* _THE PROBLEM_:
Please keep to the lines below from the one with "complex) \<Rightarrow> nat" through the one with "N It \<longleftrightarrow>", and restate them word for word, ends included.

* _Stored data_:
-- Opening Marker --

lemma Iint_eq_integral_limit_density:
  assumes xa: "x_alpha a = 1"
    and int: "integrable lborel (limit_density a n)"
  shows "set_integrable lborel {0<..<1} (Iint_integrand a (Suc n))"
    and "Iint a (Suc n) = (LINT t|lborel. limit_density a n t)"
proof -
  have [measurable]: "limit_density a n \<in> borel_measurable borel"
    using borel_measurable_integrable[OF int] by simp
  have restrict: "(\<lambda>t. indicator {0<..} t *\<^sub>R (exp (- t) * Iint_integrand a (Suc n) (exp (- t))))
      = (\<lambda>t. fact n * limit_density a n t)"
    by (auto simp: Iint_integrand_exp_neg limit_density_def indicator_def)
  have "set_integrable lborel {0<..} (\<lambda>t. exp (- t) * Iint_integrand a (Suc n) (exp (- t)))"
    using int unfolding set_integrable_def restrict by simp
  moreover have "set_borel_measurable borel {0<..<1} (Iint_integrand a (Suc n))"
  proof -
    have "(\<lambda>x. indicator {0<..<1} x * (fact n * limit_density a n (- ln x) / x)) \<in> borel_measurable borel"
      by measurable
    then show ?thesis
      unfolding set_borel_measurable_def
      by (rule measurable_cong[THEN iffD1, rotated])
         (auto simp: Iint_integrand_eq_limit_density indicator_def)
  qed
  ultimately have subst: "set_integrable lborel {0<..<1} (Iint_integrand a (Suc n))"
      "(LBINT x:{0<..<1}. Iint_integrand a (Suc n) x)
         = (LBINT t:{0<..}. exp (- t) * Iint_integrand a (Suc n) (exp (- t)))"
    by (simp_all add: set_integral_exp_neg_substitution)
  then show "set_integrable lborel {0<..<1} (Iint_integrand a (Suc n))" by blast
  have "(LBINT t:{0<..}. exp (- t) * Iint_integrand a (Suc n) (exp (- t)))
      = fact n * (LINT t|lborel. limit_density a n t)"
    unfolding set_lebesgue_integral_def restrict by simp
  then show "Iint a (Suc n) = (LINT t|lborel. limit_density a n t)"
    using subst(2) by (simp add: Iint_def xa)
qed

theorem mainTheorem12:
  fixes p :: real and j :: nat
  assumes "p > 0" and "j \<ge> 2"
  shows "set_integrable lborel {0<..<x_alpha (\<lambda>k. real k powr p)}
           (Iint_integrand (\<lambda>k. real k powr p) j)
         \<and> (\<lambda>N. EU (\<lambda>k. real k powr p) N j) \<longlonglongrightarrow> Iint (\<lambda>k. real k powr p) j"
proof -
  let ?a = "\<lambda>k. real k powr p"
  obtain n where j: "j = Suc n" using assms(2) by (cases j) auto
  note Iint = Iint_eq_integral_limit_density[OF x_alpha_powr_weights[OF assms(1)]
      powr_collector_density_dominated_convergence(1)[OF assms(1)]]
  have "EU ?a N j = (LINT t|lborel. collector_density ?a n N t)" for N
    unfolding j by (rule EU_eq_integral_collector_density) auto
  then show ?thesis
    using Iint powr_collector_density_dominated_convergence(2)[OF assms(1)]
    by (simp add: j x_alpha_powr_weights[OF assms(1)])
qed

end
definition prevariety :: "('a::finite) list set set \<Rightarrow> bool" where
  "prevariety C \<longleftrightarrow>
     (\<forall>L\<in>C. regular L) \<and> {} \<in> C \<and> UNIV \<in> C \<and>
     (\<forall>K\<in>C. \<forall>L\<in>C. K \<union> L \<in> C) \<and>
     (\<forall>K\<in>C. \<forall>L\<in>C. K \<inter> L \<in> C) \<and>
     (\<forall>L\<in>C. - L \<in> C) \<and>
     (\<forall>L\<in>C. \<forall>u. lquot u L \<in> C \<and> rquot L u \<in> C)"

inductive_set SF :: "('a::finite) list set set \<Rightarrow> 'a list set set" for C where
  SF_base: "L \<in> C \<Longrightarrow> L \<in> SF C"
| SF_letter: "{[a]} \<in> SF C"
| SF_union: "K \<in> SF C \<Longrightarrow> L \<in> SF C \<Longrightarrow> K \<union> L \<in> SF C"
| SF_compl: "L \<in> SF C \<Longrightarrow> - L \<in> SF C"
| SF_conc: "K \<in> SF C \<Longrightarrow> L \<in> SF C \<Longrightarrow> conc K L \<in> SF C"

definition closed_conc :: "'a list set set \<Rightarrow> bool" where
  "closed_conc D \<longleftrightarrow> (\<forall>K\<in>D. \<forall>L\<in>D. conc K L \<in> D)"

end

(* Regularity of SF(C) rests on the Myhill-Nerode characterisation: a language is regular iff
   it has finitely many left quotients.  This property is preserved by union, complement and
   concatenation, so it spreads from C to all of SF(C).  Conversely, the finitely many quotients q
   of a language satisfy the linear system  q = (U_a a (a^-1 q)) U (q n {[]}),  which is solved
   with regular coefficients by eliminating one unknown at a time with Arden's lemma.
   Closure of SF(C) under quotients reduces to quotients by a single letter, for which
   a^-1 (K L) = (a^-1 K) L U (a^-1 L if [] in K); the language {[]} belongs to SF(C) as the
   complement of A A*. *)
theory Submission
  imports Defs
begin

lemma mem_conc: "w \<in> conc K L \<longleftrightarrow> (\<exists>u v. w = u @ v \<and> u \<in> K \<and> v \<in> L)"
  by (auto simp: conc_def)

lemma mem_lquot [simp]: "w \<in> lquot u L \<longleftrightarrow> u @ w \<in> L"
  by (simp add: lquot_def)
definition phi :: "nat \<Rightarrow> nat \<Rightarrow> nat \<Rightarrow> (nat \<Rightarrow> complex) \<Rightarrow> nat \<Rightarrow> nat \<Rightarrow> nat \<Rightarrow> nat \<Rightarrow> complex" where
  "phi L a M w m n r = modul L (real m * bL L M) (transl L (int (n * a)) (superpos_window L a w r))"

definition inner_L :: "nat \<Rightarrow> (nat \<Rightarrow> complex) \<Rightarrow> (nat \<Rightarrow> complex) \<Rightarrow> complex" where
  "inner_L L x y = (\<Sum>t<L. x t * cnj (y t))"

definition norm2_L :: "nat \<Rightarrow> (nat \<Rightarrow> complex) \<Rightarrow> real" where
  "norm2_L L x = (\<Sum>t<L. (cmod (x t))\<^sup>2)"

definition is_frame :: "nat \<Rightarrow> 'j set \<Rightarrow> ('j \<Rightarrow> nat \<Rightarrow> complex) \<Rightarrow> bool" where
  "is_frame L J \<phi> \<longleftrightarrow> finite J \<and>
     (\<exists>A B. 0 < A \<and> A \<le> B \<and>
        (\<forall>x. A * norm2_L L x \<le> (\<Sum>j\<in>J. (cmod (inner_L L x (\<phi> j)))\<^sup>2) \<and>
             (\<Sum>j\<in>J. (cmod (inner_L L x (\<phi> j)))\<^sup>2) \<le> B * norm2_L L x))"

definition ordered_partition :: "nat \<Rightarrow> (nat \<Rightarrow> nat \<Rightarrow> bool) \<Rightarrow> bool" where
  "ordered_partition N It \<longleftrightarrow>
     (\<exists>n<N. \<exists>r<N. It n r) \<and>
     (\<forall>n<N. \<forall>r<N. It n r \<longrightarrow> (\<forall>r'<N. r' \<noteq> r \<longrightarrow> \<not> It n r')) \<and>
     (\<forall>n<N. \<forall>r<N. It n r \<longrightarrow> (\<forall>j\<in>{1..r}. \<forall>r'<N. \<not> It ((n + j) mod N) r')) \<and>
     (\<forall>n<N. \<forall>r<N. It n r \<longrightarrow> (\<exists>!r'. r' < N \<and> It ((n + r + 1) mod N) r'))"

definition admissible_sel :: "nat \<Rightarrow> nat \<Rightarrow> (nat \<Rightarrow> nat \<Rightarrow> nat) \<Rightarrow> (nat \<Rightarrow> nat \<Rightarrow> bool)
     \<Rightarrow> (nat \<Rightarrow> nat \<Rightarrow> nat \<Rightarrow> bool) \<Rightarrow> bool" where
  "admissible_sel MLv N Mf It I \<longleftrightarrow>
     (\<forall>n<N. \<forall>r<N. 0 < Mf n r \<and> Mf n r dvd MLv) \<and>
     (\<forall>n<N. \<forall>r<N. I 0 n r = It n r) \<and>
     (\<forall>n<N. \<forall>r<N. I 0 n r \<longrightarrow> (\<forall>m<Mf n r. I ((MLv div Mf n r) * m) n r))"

-- Closing Marker --

* _ANSWER AREA_:
definition phi :: "nat \<Rightarrow> nat \<Rightarrow> nat \<Rightarrow> (nat \<Rightarrow> complex) \<Rightarrow> nat \<Rightarrow> nat \<Rightarrow> nat \<Rightarrow> nat \<Rightarrow> complex" where
  "phi L a M w m n r = modul L (real m * bL L M) (transl L (int (n * a)) (superpos_window L a w r))"

definition inner_L :: "nat \<Rightarrow> (nat \<Rightarrow> complex) \<Rightarrow> (nat \<Rightarrow> complex) \<Rightarrow> complex" where
  "inner_L L x y = (\<Sum>t<L. x t * cnj (y t))"

definition norm2_L :: "nat \<Rightarrow> (nat \<Rightarrow> complex) \<Rightarrow> real" where
  "norm2_L L x = (\<Sum>t<L. (cmod (x t))\<^sup>2)"

definition is_frame :: "nat \<Rightarrow> 'j set \<Rightarrow> ('j \<Rightarrow> nat \<Rightarrow> complex) \<Rightarrow> bool" where
  "is_frame L J \<phi> \<longleftrightarrow> finite J \<and>
     (\<exists>A B. 0 < A \<and> A \<le> B \<and>
        (\<forall>x. A * norm2_L L x \<le> (\<Sum>j\<in>J. (cmod (inner_L L x (\<phi> j)))\<^sup>2) \<and>
             (\<Sum>j\<in>J. (cmod (inner_L L x (\<phi> j)))\<^sup>2) \<le> B * norm2_L L x))"

definition ordered_partition :: "nat \<Rightarrow> (nat \<Rightarrow> nat \<Rightarrow> bool) \<Rightarrow> bool" where
  "ordered_partition N It \<longleftrightarrow>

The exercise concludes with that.